◆ **What is being asked**:
Please copy out every line in the entries that includes the word "obtain".

[Saved data entries]
=== Section Start ===
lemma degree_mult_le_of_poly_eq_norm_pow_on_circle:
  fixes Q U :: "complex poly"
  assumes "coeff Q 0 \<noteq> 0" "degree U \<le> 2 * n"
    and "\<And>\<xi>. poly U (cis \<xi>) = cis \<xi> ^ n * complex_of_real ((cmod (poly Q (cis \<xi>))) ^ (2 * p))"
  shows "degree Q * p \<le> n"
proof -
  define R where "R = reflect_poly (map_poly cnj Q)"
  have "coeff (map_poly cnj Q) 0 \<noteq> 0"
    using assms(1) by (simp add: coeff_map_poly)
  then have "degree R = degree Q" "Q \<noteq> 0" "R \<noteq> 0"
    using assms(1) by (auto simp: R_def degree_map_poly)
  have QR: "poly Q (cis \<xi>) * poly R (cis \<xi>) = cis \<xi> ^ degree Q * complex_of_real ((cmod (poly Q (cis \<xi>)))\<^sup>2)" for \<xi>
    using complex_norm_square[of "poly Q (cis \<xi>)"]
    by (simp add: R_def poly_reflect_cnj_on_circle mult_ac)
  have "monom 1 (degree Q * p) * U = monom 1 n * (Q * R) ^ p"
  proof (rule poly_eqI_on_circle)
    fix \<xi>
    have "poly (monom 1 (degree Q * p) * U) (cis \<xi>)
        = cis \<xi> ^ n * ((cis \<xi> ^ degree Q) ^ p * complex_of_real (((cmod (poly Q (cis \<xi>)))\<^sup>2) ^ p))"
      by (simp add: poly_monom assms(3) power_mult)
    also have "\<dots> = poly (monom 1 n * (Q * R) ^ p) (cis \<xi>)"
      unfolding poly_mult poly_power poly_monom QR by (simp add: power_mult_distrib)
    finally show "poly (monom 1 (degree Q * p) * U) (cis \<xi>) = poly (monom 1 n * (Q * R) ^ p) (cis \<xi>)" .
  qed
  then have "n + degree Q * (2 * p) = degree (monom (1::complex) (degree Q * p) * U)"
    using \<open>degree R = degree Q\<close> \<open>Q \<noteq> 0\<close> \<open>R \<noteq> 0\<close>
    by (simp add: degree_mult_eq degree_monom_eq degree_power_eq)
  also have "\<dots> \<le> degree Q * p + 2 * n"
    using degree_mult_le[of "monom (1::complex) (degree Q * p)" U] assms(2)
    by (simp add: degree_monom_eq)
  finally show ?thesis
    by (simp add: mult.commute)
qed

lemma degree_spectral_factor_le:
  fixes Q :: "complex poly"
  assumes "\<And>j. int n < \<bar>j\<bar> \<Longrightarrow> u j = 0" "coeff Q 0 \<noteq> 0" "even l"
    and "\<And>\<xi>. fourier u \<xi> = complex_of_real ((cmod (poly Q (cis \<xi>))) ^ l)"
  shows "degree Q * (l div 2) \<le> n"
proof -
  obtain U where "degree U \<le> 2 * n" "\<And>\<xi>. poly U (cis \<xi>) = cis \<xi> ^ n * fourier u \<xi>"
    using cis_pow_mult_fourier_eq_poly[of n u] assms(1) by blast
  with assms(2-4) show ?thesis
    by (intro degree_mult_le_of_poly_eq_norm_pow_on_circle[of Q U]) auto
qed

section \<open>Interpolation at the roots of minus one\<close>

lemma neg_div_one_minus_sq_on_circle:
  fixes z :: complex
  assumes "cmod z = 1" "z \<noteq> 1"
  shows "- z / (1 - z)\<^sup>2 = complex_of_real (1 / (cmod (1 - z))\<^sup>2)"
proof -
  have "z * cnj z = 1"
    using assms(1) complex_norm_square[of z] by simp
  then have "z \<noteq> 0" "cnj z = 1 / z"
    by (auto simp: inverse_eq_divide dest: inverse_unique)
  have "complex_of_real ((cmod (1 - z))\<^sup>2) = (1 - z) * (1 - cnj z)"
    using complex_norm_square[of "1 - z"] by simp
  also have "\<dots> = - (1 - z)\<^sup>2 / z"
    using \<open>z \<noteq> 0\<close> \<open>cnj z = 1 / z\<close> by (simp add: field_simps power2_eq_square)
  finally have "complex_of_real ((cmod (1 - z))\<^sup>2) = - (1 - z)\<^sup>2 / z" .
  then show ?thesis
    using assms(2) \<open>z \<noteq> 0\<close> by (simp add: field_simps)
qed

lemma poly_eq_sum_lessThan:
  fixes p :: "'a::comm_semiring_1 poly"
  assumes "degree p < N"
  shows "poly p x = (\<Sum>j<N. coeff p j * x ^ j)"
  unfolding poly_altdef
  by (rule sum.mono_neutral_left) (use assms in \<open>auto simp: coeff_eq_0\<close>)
=== Section End ===
=== Section Start ===
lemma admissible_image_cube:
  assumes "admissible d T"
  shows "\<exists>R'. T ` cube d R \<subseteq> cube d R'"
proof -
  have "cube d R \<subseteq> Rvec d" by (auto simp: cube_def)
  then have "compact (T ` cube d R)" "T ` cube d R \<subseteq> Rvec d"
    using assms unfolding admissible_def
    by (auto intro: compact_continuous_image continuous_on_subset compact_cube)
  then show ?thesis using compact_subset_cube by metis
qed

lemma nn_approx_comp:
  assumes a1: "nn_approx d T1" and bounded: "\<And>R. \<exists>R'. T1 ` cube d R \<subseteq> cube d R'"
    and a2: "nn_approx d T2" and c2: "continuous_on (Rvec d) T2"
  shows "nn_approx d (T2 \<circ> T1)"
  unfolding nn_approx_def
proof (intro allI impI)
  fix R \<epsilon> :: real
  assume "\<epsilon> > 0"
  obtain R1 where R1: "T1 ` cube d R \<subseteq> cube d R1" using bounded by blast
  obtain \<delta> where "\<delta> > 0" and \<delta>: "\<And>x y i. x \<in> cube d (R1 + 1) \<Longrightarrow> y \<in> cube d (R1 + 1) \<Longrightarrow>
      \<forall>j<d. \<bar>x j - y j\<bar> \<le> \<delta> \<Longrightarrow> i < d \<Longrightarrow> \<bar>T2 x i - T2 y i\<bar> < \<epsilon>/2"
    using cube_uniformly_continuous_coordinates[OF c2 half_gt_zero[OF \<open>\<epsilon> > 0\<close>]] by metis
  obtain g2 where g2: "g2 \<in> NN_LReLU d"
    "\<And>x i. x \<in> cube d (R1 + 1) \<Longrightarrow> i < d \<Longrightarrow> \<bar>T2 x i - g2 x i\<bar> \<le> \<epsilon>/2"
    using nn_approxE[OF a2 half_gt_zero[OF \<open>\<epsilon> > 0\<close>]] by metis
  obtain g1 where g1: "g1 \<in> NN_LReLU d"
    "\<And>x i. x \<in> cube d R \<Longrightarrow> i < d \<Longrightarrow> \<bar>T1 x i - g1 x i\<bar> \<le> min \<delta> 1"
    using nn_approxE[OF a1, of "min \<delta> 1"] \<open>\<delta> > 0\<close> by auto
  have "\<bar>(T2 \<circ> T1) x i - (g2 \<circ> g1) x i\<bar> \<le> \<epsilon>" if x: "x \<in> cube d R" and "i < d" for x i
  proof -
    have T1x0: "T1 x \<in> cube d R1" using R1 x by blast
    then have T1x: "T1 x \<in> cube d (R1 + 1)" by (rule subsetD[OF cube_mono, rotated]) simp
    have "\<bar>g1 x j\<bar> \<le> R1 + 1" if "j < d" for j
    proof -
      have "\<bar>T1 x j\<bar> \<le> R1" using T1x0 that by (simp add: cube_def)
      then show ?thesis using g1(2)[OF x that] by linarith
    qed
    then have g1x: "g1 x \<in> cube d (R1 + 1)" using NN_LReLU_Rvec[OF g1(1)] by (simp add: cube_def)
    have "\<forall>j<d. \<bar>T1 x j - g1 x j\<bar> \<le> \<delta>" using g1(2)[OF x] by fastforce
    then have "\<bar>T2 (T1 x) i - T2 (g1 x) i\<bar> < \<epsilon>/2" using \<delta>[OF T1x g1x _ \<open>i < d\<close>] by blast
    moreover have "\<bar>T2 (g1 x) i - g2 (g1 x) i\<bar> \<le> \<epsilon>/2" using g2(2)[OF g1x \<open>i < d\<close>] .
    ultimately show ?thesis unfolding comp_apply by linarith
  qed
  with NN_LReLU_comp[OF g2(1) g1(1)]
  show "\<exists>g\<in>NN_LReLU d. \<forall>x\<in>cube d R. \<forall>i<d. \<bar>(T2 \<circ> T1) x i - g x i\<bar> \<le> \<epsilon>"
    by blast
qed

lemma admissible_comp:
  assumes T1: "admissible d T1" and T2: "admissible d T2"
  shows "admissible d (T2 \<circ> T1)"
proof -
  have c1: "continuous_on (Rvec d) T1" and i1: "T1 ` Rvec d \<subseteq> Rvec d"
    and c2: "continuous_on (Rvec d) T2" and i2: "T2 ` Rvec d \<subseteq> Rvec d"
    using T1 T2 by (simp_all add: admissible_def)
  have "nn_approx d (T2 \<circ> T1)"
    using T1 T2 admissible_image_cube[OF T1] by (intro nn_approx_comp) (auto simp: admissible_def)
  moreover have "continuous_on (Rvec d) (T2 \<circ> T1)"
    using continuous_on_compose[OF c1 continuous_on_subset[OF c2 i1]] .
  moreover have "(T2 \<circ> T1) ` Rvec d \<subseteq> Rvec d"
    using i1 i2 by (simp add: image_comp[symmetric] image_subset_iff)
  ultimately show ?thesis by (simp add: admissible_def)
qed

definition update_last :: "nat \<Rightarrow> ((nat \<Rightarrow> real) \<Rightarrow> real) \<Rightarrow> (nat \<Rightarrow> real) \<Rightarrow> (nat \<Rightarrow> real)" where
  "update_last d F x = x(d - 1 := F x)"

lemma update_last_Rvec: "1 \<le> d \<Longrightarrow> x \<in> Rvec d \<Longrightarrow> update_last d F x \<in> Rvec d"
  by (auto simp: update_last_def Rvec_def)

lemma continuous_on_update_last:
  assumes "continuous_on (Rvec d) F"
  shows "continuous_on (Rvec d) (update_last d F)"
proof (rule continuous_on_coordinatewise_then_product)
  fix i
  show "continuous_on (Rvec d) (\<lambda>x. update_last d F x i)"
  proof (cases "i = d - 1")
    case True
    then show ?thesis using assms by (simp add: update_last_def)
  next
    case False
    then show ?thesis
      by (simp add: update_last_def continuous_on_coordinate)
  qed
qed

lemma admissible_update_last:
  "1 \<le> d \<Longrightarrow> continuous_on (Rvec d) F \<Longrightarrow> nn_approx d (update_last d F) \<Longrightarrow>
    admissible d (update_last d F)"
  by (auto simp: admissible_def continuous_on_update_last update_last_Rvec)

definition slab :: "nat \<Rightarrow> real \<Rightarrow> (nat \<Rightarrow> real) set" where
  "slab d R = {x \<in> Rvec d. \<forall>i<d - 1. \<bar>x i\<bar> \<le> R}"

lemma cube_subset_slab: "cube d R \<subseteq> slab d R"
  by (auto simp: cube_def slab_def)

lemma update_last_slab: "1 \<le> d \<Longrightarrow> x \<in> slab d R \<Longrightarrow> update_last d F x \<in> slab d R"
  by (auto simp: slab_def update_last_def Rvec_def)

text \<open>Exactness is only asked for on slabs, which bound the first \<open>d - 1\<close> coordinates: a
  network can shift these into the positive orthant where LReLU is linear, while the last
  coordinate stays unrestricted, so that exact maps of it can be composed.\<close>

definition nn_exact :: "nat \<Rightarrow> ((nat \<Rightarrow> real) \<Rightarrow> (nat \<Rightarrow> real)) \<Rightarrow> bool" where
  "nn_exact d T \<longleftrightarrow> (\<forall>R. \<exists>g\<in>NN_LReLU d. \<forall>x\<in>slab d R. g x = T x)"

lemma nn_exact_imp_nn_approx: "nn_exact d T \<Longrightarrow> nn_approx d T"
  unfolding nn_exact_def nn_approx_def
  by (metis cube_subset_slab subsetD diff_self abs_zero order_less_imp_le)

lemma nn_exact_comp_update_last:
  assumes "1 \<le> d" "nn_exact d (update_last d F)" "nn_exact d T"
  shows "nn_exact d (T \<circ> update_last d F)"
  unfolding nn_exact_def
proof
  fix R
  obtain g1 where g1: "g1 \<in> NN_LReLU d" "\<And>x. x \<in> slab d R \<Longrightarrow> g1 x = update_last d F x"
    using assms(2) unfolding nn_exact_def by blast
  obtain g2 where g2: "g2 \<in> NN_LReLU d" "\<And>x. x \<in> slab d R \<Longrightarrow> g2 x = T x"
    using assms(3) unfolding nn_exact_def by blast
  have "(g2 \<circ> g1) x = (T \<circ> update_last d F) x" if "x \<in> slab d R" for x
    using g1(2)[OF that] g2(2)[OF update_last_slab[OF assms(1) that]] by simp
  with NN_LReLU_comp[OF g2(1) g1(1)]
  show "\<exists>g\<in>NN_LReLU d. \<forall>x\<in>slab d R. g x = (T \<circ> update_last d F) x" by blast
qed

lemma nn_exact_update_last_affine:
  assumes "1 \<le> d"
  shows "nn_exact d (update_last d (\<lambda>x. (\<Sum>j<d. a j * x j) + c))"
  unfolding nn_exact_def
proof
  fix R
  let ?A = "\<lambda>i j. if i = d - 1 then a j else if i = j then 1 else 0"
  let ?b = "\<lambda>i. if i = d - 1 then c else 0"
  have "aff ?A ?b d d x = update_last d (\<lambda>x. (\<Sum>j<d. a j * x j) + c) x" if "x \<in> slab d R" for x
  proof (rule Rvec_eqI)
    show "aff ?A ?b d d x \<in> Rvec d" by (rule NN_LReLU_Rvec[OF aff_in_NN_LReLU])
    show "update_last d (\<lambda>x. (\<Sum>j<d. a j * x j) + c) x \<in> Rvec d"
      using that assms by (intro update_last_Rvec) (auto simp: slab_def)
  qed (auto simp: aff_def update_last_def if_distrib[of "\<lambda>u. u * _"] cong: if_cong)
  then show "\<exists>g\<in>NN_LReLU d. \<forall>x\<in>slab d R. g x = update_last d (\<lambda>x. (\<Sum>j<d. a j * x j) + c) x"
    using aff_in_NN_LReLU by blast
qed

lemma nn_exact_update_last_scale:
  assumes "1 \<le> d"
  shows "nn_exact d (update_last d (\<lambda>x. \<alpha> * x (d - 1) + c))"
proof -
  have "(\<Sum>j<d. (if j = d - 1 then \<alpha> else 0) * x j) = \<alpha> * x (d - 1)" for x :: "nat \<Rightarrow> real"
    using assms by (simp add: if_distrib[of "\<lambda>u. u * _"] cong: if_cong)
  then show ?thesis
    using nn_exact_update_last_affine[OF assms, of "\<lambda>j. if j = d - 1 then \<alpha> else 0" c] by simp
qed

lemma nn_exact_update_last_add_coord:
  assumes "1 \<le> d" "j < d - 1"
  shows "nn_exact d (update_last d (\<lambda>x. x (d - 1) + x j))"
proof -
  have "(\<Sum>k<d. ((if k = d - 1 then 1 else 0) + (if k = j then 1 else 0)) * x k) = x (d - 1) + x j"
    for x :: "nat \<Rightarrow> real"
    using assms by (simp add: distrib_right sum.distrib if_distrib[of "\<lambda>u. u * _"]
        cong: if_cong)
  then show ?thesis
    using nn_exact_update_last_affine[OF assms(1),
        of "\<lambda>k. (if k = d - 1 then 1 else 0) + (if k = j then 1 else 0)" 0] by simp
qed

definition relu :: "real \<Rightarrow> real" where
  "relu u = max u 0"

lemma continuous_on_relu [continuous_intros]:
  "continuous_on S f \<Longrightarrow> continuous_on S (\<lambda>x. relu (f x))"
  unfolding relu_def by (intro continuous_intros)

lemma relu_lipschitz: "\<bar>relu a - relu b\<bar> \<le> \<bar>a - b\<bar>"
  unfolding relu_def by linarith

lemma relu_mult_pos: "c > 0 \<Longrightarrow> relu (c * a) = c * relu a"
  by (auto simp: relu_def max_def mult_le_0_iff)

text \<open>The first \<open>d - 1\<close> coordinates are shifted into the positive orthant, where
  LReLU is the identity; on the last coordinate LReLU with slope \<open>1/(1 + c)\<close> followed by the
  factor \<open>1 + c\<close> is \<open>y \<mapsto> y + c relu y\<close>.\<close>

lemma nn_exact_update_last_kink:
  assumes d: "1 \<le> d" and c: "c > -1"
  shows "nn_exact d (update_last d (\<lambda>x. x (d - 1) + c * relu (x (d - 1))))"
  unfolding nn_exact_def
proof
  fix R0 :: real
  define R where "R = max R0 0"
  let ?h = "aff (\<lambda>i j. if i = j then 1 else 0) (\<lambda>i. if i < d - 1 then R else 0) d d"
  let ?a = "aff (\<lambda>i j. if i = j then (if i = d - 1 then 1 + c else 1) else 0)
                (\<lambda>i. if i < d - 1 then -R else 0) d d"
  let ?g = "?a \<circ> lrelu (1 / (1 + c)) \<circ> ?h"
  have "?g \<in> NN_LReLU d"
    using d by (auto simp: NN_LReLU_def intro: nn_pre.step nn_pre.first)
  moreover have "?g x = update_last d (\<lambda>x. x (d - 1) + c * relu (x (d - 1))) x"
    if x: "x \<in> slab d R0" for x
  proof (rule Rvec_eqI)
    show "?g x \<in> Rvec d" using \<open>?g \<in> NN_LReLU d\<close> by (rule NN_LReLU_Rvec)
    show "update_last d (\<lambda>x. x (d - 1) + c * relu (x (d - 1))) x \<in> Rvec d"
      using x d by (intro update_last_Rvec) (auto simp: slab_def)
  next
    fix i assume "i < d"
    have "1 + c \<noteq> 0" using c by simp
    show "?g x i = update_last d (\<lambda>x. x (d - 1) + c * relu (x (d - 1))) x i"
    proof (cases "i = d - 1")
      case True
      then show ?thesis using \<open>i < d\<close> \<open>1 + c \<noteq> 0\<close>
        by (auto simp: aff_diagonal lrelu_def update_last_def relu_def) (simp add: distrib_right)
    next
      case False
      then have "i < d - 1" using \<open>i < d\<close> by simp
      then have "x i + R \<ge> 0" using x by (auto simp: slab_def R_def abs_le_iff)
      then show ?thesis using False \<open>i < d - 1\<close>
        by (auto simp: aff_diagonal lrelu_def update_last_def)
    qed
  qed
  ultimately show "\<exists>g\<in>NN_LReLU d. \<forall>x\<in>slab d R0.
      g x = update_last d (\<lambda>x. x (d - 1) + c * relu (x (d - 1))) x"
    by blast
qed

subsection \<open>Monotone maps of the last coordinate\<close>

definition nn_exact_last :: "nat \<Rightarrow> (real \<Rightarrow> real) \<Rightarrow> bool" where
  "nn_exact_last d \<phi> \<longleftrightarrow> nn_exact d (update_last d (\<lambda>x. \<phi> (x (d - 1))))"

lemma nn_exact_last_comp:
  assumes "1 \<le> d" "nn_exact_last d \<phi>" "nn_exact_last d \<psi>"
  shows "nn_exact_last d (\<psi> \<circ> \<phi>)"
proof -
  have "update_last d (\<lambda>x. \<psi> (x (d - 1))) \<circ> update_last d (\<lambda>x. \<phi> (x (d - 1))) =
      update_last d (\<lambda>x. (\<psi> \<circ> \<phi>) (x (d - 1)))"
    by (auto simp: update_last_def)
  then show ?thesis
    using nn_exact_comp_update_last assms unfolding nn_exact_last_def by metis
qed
=== Section End ===
◆ **Problem solution**:
  obtain U where "degree U \<le> 2 * n" "\<And>\<xi>. poly U (cis \<xi>) = cis \<xi> ^ n * fourier u \<xi>"
  obtain R1 where R1: "T1 ` cube d R \<subseteq> cube d R1" using bounded by blast
  obtain \<delta> where "\<delta> > 0" and \<delta>: "\<And>x y i. x \<in> cube d (R1 + 1) \<Longrightarrow> y \<in> cube d (R1 + 1) \<Longrightarrow>
  obtain g2 where g2: "g2 \<in> NN_LReLU d"
  obtain g1 where g1: "g1 \<in> NN_LReLU d"
  obtain g1 where g1: "g1 \<in> NN_LReLU d" "\<And>x. x \<in> slab d R \<Longrightarrow> g1 x = update_last d F x"
  obtain g2 where g2: "g2 \<in> NN_LReLU d" "\<And>x. x \<in> slab d R \<Longrightarrow> g2 x = T x"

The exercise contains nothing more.